Entries taken from a collection:
------------------------------

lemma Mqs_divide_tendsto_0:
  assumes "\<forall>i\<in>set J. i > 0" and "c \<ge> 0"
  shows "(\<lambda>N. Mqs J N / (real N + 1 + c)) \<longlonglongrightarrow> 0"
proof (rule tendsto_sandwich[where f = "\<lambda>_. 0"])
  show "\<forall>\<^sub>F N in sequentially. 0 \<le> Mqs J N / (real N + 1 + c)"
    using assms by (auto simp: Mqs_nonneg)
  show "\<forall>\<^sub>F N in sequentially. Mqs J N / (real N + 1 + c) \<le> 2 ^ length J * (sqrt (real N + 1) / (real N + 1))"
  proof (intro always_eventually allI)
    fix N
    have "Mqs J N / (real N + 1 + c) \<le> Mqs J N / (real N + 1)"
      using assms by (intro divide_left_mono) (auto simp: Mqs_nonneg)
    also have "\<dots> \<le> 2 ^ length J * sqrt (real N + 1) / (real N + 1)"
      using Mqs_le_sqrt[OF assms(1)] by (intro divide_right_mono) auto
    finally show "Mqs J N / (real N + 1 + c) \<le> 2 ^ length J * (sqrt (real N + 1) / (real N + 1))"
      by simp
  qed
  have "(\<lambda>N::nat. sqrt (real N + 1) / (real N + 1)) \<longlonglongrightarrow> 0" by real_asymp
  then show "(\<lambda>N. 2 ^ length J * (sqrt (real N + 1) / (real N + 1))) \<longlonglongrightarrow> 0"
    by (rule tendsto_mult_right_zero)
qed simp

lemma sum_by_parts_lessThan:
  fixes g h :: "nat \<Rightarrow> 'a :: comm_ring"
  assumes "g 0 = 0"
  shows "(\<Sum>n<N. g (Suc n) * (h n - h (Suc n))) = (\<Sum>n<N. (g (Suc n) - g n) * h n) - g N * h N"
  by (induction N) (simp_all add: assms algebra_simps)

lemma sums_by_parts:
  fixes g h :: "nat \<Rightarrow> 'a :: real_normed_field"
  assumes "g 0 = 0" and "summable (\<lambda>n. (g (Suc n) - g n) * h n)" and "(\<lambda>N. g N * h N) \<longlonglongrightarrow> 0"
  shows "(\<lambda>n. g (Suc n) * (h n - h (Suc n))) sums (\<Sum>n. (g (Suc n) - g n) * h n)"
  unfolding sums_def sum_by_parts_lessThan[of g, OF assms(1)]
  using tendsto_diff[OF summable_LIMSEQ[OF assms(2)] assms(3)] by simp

------------------------------

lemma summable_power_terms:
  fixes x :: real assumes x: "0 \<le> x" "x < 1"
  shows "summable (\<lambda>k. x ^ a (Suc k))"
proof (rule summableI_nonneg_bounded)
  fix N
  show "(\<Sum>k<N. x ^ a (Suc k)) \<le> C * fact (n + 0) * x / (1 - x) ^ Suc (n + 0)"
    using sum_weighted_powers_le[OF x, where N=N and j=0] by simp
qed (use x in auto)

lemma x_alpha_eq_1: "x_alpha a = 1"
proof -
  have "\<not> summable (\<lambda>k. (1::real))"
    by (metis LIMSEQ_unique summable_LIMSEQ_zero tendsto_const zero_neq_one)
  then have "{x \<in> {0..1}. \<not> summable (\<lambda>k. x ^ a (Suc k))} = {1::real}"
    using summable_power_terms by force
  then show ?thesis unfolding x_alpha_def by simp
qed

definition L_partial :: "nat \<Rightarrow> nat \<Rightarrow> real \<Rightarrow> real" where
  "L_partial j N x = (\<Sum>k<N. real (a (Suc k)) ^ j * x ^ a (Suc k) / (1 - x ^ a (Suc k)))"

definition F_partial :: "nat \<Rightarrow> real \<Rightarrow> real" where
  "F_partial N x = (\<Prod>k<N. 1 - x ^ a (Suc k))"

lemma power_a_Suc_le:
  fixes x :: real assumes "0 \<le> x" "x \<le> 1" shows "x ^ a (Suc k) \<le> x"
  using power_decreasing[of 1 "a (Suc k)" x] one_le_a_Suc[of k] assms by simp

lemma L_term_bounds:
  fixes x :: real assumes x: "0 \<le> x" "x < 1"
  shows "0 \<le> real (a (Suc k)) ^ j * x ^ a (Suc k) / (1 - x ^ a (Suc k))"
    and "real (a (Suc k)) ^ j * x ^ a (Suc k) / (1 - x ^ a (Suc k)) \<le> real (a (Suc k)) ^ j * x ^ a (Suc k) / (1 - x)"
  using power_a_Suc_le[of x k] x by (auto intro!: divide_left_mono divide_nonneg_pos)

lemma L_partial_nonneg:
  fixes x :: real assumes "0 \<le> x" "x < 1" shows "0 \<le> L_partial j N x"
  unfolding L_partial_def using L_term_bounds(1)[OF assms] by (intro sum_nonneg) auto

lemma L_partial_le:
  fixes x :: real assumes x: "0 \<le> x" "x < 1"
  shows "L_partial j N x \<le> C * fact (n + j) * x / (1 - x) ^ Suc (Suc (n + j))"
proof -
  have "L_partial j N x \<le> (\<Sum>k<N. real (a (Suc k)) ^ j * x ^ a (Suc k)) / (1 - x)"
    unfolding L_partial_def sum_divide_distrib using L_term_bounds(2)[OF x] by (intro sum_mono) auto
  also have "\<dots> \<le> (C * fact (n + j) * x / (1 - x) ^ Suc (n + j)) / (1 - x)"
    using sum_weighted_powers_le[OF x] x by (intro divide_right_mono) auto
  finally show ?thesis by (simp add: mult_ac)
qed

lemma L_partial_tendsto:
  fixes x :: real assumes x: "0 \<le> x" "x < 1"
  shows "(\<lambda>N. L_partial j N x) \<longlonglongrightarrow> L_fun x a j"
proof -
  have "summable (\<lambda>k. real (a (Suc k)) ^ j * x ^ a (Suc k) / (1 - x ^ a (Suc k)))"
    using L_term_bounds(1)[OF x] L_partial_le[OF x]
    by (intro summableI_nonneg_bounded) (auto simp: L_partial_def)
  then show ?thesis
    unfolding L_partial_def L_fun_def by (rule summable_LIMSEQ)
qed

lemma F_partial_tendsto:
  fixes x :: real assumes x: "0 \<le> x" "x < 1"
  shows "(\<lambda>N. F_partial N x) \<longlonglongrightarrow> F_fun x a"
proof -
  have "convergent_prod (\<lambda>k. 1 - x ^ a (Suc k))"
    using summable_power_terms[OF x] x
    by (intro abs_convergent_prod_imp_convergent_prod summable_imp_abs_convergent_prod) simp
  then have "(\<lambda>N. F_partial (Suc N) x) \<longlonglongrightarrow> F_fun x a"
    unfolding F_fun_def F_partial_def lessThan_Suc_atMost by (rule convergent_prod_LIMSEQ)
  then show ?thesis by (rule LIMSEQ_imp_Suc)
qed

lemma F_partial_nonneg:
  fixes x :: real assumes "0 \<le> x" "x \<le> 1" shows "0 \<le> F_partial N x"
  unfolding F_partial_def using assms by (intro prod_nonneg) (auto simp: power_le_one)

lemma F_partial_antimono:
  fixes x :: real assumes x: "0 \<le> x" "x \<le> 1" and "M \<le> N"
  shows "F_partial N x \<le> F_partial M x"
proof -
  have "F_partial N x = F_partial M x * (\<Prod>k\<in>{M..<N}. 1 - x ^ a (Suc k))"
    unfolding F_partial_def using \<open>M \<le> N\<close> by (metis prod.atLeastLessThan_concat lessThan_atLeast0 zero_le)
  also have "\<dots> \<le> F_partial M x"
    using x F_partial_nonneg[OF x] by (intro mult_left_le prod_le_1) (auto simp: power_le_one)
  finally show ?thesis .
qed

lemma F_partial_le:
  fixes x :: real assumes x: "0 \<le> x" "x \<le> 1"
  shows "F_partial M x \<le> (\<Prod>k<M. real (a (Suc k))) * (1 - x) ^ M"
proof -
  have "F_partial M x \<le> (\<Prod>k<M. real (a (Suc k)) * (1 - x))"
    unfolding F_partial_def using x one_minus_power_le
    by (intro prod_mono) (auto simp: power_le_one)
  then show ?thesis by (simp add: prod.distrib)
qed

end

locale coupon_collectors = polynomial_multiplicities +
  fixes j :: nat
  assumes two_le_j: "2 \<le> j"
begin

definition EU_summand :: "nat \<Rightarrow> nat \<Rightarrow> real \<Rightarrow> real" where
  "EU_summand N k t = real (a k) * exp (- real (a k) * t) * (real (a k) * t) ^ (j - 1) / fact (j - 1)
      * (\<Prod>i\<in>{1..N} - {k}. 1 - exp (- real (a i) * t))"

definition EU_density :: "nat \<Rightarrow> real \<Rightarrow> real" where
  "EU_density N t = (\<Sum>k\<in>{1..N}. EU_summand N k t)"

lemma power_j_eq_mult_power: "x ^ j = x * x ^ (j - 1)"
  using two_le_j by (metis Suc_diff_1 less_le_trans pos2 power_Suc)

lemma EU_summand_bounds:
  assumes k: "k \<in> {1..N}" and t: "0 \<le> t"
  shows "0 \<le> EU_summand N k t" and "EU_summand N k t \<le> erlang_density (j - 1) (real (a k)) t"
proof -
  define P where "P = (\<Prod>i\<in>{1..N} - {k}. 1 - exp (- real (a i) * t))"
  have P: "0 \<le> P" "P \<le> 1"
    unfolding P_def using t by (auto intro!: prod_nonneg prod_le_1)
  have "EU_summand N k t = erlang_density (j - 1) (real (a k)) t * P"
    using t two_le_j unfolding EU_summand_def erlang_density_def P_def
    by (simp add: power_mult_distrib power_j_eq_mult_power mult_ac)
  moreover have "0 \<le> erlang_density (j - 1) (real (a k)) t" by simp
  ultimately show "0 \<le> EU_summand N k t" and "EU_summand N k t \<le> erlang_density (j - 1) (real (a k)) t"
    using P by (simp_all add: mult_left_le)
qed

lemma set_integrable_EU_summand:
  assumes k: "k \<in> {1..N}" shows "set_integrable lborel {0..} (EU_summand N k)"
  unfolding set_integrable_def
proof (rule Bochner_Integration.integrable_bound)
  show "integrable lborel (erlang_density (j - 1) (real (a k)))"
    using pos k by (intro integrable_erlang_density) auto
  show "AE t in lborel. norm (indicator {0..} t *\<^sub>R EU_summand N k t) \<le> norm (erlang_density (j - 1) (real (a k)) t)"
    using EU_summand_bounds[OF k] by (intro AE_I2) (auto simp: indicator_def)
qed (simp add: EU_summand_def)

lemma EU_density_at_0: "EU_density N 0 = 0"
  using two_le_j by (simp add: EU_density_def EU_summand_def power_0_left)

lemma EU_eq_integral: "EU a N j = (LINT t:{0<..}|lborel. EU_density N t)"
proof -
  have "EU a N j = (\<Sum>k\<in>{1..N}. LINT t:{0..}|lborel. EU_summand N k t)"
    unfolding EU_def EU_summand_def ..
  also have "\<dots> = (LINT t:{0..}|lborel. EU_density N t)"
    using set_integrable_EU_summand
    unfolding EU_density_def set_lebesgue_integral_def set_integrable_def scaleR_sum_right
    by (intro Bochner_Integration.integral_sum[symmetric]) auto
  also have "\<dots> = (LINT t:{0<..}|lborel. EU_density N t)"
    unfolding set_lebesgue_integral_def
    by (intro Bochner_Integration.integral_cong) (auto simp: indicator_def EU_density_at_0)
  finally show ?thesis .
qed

------------------------------

What is required: Copy the lines above that hold the word "thesis".

Answer area:
  then show ?thesis unfolding x_alpha_def by simp
  finally show ?thesis by (simp add: mult_ac)
  then show ?thesis
  then show ?thesis by (rule LIMSEQ_imp_Suc)
  finally show ?thesis .
  then show ?thesis by (simp add: prod.distrib)
  finally show ?thesis .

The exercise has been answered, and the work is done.